### [PROBLEM TO SOLVE]
Your result should be every line of the records below that contains the word "subseteq".

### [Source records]
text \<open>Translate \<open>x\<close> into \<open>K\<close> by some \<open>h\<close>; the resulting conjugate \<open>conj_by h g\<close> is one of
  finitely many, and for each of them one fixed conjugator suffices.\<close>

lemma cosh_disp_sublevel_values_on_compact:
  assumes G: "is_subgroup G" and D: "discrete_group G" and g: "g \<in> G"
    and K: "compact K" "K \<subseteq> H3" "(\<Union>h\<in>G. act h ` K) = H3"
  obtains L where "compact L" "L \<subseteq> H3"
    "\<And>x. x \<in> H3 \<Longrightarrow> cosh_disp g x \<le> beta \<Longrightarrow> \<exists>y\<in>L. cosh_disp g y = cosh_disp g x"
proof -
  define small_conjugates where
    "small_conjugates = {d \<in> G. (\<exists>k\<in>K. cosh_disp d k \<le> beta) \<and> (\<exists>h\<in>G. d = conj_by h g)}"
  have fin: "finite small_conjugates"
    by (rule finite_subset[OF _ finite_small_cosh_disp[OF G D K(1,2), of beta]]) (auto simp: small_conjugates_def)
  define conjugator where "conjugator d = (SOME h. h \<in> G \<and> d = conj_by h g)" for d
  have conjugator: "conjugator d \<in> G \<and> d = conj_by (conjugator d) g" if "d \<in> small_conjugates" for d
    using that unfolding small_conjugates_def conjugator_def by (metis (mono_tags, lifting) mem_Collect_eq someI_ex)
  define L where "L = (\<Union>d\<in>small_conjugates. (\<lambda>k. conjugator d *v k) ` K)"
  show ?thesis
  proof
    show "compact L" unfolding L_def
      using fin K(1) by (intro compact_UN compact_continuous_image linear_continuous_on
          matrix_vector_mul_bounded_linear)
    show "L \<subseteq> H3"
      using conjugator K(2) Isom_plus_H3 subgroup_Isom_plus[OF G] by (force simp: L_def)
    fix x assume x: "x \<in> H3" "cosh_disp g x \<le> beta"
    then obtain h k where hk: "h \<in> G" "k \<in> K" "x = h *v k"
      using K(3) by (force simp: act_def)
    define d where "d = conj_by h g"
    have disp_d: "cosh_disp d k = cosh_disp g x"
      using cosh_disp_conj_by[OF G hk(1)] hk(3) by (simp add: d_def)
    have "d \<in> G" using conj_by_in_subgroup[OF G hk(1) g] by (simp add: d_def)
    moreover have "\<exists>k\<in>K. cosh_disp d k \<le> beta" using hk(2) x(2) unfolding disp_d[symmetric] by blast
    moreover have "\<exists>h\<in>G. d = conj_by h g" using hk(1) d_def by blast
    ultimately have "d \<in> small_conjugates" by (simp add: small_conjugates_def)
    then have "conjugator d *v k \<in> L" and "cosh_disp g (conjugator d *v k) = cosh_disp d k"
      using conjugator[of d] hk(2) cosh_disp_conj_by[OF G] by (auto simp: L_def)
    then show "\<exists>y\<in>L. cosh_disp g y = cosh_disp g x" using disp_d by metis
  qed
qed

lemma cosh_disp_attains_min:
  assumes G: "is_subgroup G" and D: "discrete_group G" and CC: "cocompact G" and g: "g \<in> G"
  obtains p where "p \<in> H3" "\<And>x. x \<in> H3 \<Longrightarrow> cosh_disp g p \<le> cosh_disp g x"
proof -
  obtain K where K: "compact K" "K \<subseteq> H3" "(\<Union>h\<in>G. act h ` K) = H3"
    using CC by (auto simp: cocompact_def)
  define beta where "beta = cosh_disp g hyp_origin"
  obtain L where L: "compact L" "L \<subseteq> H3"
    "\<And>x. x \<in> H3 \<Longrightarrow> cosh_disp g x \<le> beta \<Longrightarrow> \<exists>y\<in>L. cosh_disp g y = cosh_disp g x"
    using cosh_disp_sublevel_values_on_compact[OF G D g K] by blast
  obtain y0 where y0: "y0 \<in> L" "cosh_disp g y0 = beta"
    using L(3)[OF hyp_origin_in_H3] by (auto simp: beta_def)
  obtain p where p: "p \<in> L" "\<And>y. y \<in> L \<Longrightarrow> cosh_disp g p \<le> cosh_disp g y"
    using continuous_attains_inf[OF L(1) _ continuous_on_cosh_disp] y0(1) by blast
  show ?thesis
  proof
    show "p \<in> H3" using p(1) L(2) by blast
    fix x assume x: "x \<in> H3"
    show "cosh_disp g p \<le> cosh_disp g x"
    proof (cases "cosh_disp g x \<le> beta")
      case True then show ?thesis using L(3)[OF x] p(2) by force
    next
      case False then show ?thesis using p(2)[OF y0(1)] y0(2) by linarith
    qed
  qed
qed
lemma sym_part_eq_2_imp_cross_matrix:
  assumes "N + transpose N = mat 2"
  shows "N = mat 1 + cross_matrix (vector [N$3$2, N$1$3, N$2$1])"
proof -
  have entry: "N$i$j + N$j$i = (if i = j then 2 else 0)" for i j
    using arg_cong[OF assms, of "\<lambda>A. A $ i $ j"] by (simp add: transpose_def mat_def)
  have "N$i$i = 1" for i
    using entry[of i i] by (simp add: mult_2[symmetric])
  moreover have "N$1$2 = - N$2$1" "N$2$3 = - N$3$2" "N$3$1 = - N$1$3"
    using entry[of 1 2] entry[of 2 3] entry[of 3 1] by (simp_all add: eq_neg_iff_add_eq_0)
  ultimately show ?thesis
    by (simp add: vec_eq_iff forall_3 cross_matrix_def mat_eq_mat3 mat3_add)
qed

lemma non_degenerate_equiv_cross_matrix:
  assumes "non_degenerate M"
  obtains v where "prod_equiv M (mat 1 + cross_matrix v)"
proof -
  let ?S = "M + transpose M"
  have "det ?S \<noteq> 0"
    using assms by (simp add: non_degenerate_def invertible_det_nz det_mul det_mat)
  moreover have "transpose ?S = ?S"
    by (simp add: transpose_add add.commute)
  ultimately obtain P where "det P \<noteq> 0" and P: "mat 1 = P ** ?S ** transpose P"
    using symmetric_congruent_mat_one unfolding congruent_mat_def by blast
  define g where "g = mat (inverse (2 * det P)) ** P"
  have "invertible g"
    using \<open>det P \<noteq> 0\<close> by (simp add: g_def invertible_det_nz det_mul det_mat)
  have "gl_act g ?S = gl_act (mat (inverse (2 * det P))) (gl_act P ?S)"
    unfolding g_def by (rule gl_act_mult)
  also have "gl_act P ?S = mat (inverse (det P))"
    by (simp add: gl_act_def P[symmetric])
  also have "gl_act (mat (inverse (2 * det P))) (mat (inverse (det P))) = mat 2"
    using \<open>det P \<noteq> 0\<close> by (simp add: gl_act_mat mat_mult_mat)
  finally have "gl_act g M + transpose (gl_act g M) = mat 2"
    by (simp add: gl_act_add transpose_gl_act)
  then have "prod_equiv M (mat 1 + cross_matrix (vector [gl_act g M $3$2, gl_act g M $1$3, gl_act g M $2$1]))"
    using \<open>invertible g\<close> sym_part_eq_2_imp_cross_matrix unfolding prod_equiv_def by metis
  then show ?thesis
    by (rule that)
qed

### [OUTPUT BELOW]
    and K: "compact K" "K \<subseteq> H3" "(\<Union>h\<in>G. act h ` K) = H3"
  obtains L where "compact L" "L \<subseteq> H3"
    show "L \<subseteq> H3"
  obtain K where K: "compact K" "K \<subseteq> H3" "(\<Union>h\<in>G. act h ` K) = H3"
  obtain L where L: "compact L" "L \<subseteq> H3"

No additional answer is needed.